Navigating home fragrance regulations can feel overwhelming. For makers selling into Northern Ireland, the Republic of Ireland, and the European Union, the Unique Formula Identifier (UFI) plays a crucial role in keeping your products legal and safe. This 16-character code connects your mixture to poison centres, helping emergency responders act quickly when seconds count.

Understanding The Unique Formula Identifier (UFI)

Think of the UFI as a bridge connecting your product's trade name to its chemical composition during emergencies.

What is a unique formula identifier (UFI)?

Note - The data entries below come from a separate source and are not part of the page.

(* Let $\mathbf a:\mathbb R^D\to\mathcal H$ define a dictionary $\mathcal A=\{\mathbf a(\theta):\theta\in\mathbb R^D\}$ in a real Hilbert space $\mathcal H$ whose kernel $\kappa$ is admissible, and let $\mathcal S^\star=\{\theta^\star_\ell\}_{\ell=1}^k\subset\mathbb R^D$ (pairwise distinct) be admissible with respect to $\kappa$. Then for every subset $\mathcal S\subseteq\mathcal S^\star$, OMP achieves exact $\mathrm{card}(\mathcal S)$-step recovery of $\mathcal S$.
   Context: Kernel: $\kappa(\theta,\theta')=\langle\mathbf a(\theta),\mathbf a(\theta')\rangle$. The kernel is admissible if: (i) $\kappa(\theta,\theta)=1$ for all $\theta$; $\lim_{\theta'\to\theta}\kappa(\theta,\theta')=1$ for all $\theta$; for every $\varepsilon>0$ and $\theta$ there is a compact $K$ with $\sup_{\theta'\notin K}\kappa(\theta',\theta)<\varepsilon$; (ii) $0\le\kappa(\theta,\theta')<1$ whenever $\theta\ne\theta'$. A support $\mathcal S^\star=\{\theta^\star_\ell\}_{\ell=1}^k$ is admissible with respect to $\kappa$ if for every nonempty $T\subseteq\{1,\dots,k\}$ and every positive reals $\{c_\ell\}_{\ell\in T}$ with $\sum_{\ell\in T}c_\ell<1$, setting $\psi(\theta)=\sum_{\ell\in T}c_\ell\kappa(\theta,\theta^\star_\ell)$: (i) the set of global maximizers of $\psi$ over $\mathbb R^D$ is contained in $\{\theta^\star_\ell\}_{\ell\in T}$; (ii) if $\ell\in\{1,\dots,k\}\setminus T$ satisfies $\psi(\theta)-\kappa(\theta,\theta^\star_\ell)\le 0$ for all $\theta\in\{\theta^\star_{\ell'}\}_{\ell'\in T}$, then $\psi(\theta)-\kappa(\theta,\theta^\star_\ell)\le0$ for all $\theta\in\mathbb R^D$. OMP with input $\mathbf y\in\mathcal H$: set $\mathbf r=\mathbf y$, $\widehat{\mathcal S}=\emptyset$, $t=0$; while $\mathbf r\ne 0$: $t\leftarrow t+1$; choose any $\widehat\theta_t\in\arg\max_{\theta}|\langle\mathbf a(\theta),\mathbf r\rangle|$; $\widehat{\mathcal S}\leftarrow\widehat{\mathcal S}\cup\{\widehat\theta_t\}$; compute $(\widehat c_1,\dots,\widehat c_t)\in\arg\min_{c\in\mathbb R^t}\|\mathbf y-\sum_{\ell=1}^t c_\ell\mathbf a(\widehat\theta_\ell)\|$; set $\mathbf r=\mathbf y-\sum_{\ell=1}^t\widehat c_\ell\mathbf a(\widehat\theta_\ell)$. Output $\widehat{\mathcal S}$. A reachable support is any output $\widehat{\mathcal S}$ obtainable through some sequence of choices of maximizers. For a finite set $\mathcal S^\star=\{\theta^\star_\ell\}_{\ell=1}^k$ of pairwise distinct parameters, OMP achieves exact $k$-step recovery of $\mathcal S^\star$ if for every choice of nonzero reals $c_1,\dots,c_k$ every reachable support of OMP with input $\mathbf y=\sum_{\ell=1}^k c_\ell\mathbf a(\theta^\star_\ell)$ equals $\mathcal S^\star$ (for $\mathcal S^\star=\emptyset$ this holds trivially). *)

theory Defs
  imports "HOL-Analysis.Analysis"
begin
lemma rw_rayleigh_minimizer_exists:
  assumes pos: "\<And>x. \<beta> x > 0"
    and orth: "(\<Sum>x\<in>UNIV. \<beta> x * \<phi> x) = 0" and norm_pos: "weighted_sq_norm \<beta> \<phi> > 0"
  obtains \<phi>0 where "(\<Sum>x\<in>UNIV. \<beta> x * \<phi>0 x) = 0" "weighted_sq_norm \<beta> \<phi>0 = 1"
    "\<And>\<psi>. (\<Sum>x\<in>UNIV. \<beta> x * \<psi> x) = 0
      \<Longrightarrow> rw_dirichlet c \<beta> \<phi>0 \<phi>0 * weighted_sq_norm \<beta> \<psi> \<le> rw_dirichlet c \<beta> \<psi> \<psi>"
proof -
  define s where "s = 1 / sqrt (weighted_sq_norm \<beta> \<phi>)"
  have "(\<Sum>x\<in>UNIV. \<beta> x * (s * \<phi> x)) = 0" "weighted_sq_norm \<beta> (\<lambda>x. s * \<phi> x) = 1"
    using orth weighted_sq_norm_normalized[OF norm_pos] by (simp_all only: s_def sum_weighted_scaled)
  with pos obtain \<phi>0 where orth0: "(\<Sum>x\<in>UNIV. \<beta> x * \<phi>0 x) = 0"
    and norm0: "weighted_sq_norm \<beta> \<phi>0 = 1"
    and sphere: "\<And>\<psi>. (\<Sum>x\<in>UNIV. \<beta> x * \<psi> x) = 0 \<Longrightarrow> weighted_sq_norm \<beta> \<psi> = 1
      \<Longrightarrow> rw_dirichlet c \<beta> \<phi>0 \<phi>0 \<le> rw_dirichlet c \<beta> \<psi> \<psi>"
    by (rule rw_dirichlet_attains_min_on_sphere[where c = c]) auto
  show ?thesis
  proof (rule that[OF orth0 norm0])
    fix \<psi> assume "(\<Sum>x\<in>UNIV. \<beta> x * \<psi> x) = 0"
    with pos sphere show "rw_dirichlet c \<beta> \<phi>0 \<phi>0 * weighted_sq_norm \<beta> \<psi> \<le> rw_dirichlet c \<beta> \<psi> \<psi>"
      by (rule rw_rayleigh_bound_from_sphere)
  qed
qed

lemma rw_rayleigh_minimizer_eigenfunction:
  assumes sym: "\<And>x y. c x y = c y x" and pos: "\<And>x. \<beta> x > 0"
    and rayleigh: "\<And>\<psi>. (\<Sum>x\<in>UNIV. \<beta> x * \<psi> x) = 0
      \<Longrightarrow> l * weighted_sq_norm \<beta> \<psi> \<le> rw_dirichlet c \<beta> \<psi> \<psi>"
    and orth0: "(\<Sum>x\<in>UNIV. \<beta> x * \<phi> x) = 0"
    and attained: "rw_dirichlet c \<beta> \<phi> \<phi> = l * weighted_sq_norm \<beta> \<phi>"
  shows "- A_RW c \<beta> \<phi> x = l * \<phi> x"
proof -
  have first_variation: "rw_dirichlet c \<beta> \<phi> \<psi> = l * (\<Sum>x\<in>UNIV. \<beta> x * \<phi> x * \<psi> x)"
    if orth: "(\<Sum>x\<in>UNIV. \<beta> x * \<psi> x) = 0" for \<psi>
  proof -
    have "2 * t * (rw_dirichlet c \<beta> \<phi> \<psi> - l * (\<Sum>x\<in>UNIV. \<beta> x * \<phi> x * \<psi> x))
        + t\<^sup>2 * (rw_dirichlet c \<beta> \<psi> \<psi> - l * weighted_sq_norm \<beta> \<psi>) \<ge> 0" for t
    proof -
      have "(\<Sum>x\<in>UNIV. \<beta> x * (\<phi> x + t * \<psi> x)) = 0"
        using orth0 orth by (simp add: algebra_simps sum.distrib sum_distrib_left[symmetric])
      from rayleigh[OF this] show ?thesis
        unfolding rw_dirichlet_add_scaled[OF sym] weighted_sq_norm_add_scaled attained
        by (simp add: algebra_simps)
    qed
    then show ?thesis
      using nonneg_quadratic_imp_linear_coeff_0 by fastforce
  qed
  \<comment> \<open>The residual is orthogonal to the constants, so the first variation in its own
    direction shows that its norm vanishes.\<close>
  define r where "r x = - A_RW c \<beta> \<phi> x - l * \<phi> x" for x
  have "(\<Sum>x\<in>UNIV. \<beta> x * r x) = 0"
    using sum_weighted_A_RW[OF sym] orth0
    by (simp add: r_def algebra_simps sum_subtractf sum_negf sum_distrib_left[symmetric])
  then have "rw_dirichlet c \<beta> \<phi> r = l * (\<Sum>x\<in>UNIV. \<beta> x * \<phi> x * r x)"
    by (rule first_variation)
  moreover have "weighted_sq_norm \<beta> r = rw_dirichlet c \<beta> \<phi> r - l * (\<Sum>x\<in>UNIV. \<beta> x * \<phi> x * r x)"
    unfolding weighted_sq_norm_def rw_dirichlet_def sum_distrib_left sum_subtractf[symmetric]
    by (intro sum.cong) (simp_all add: r_def algebra_simps power2_eq_square)
  ultimately have "weighted_sq_norm \<beta> r = 0" by simp
  then show ?thesis
    using weighted_sq_norm_eq_0_iff[of \<beta> r] pos by (simp add: r_def)
qed

lemma rw_dirichlet_eq_0_orthogonal_imp_zero:
  assumes sym: "\<And>x y. c x y = c y x" and nonneg: "\<And>x y. c x y \<ge> 0"
    and pos: "\<And>x. \<beta> x > 0"
    and connected: "\<And>x y. (x, y) \<in> {(a, b). c a b > 0}\<^sup>*"
    and orth: "(\<Sum>x\<in>UNIV. \<beta> x * \<phi> x) = 0"
    and zero: "rw_dirichlet c \<beta> \<phi> \<phi> = 0"
  shows "\<phi> y = 0"
proof -
  from sym nonneg pos connected zero have const: "\<phi> x = \<phi> y" for x
    by (rule rw_dirichlet_eq_0_imp_constant)
  have "(\<Sum>x\<in>UNIV. \<beta> x * \<phi> x) = (\<Sum>x\<in>UNIV. \<beta> x * \<phi> y)"
    by (intro sum.cong refl arg_cong2[where f = times] const)
  then have "(\<Sum>x\<in>UNIV. \<beta> x) * \<phi> y = 0"
    using orth by (simp add: sum_distrib_right)
  moreover have "(\<Sum>x\<in>UNIV. \<beta> x) > 0" using pos by (simp add: sum_pos)
  ultimately show ?thesis by simp
qed

lemma rw_poincare:
  assumes sym: "\<And>x y. c x y = c y x" and nonneg: "\<And>x y. c x y \<ge> 0"
    and pos: "\<And>x. \<beta> x > 0"
    and connected: "\<And>x y. (x, y) \<in> {(a, b). c a b > 0}\<^sup>*"
    and orth: "(\<Sum>x\<in>UNIV. \<beta> x * \<phi> x) = 0"
  shows "gap_RW c \<beta> * weighted_sq_norm \<beta> \<phi> \<le> rw_dirichlet c \<beta> \<phi> \<phi>"
proof (cases "weighted_sq_norm \<beta> \<phi> = 0")
  case True
  then show ?thesis
    using rw_dirichlet_nonneg[of c \<beta> \<phi>] sym nonneg pos by (simp add: less_imp_le)
next
  case False
  then have norm_pos: "weighted_sq_norm \<beta> \<phi> > 0"
    using weighted_sq_norm_nonneg[of \<beta> \<phi>] pos by (simp add: less_imp_le)
  with pos orth obtain \<phi>0 where orth0: "(\<Sum>x\<in>UNIV. \<beta> x * \<phi>0 x) = 0"
    and norm0: "weighted_sq_norm \<beta> \<phi>0 = 1"
    and rayleigh: "\<And>\<psi>. (\<Sum>x\<in>UNIV. \<beta> x * \<psi> x) = 0
      \<Longrightarrow> rw_dirichlet c \<beta> \<phi>0 \<phi>0 * weighted_sq_norm \<beta> \<psi> \<le> rw_dirichlet c \<beta> \<psi> \<psi>"
    by (rule rw_rayleigh_minimizer_exists[where c = c]) auto
  define l0 where "l0 = rw_dirichlet c \<beta> \<phi>0 \<phi>0"
  have nonzero: "\<exists>x. \<phi>0 x \<noteq> 0"
    using norm0 weighted_sq_norm_eq_0_iff[of \<beta> \<phi>0] pos by auto
  have "- A_RW c \<beta> \<phi>0 x = l0 * \<phi>0 x" for x
    using rw_rayleigh_minimizer_eigenfunction[of c \<beta> l0 \<phi>0] sym pos rayleigh orth0 norm0
    unfolding l0_def by simp
  with nonzero have "is_eigenvalue_negA c \<beta> l0"
    unfolding is_eigenvalue_negA_def by blast
  moreover have "l0 \<noteq> 0"
  proof
    assume "l0 = 0"
    then have "rw_dirichlet c \<beta> \<phi>0 \<phi>0 = 0" unfolding l0_def .
    with sym nonneg pos connected orth0 have "\<phi>0 x = 0" for x
      by (rule rw_dirichlet_eq_0_orthogonal_imp_zero)
    with nonzero show False by simp
  qed
  ultimately have "gap_RW c \<beta> \<le> l0"
    using sym nonneg pos by (intro gap_RW_le_eigenvalue)
  then have "gap_RW c \<beta> * weighted_sq_norm \<beta> \<phi> \<le> l0 * weighted_sq_norm \<beta> \<phi>"
    using norm_pos by (simp add: mult_right_mono)
  also have "\<dots> \<le> rw_dirichlet c \<beta> \<phi> \<phi>"
    using rayleigh[OF orth] unfolding l0_def .
  finally show ?thesis .
qed

section \<open>Adding a particle\<close>

definition add_particle :: "'v \<Rightarrow> ('v \<Rightarrow> nat) \<Rightarrow> ('v \<Rightarrow> nat)" where
  "add_particle x \<xi> = \<xi>(x := \<xi> x + 1)"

The unique formula identifier, known by its acronym UFI, is a 16-character alphanumeric code that must be included on the Product CLP label when human health or physical hazards are triggered in a product. In addition to the UFI, you are also required to provide other information on your mixture and associated products to poison centres, such as composition, trade name, colour, packaging, product category, pH and toxicological information. The UFI aims to establish an unambiguous link between the information you provide and the product you place on the market. The condition for assigning a UFI is that all products labelled and notified with the same UFI must share the same mixture composition and product category. For example, a candle and a wax melt could share the same mixture composition, but will need separate UFI numbers and dossiers as they fall into different EuPC categories.

a generic example of the format of a UFI number
a generic example of the format of a UFI number

Why the UFI is essential for emergency health response


Many chemical products (e.g., detergents, paints, adhesives) are placed on the EU market and used both by the general public in their everyday lives and by professionals in their working environments. Chemical products are generally considered safe when their use instructions are followed. Nevertheless, unintentional exposure to chemicals can occur, for example, due to inappropriate use or accidents. When this happens, immediate access to relevant information about that product's chemical makeup is vitally important. therefore, under Article 45 & Annex VIII to Regulation (EC) No. 1272/2008 on the classification, labelling and packaging of substances and mixtures, the requirement has been established to provide a dossier of information regarding hazardous products to be submitted to Poison Centres, so that emergency responders can obtain accurate information about the composition of a product.

a call handler

Some Oils That Don't Require A UFI (Up To 10% In A Non-Hazardous Base)

When Is A UFI Required For Crafting Products In The UK And Ireland?

The requirement hinges on the types of hazards your ingredients trigger and whether you are selling into a region covered by the EU CLP Regulations.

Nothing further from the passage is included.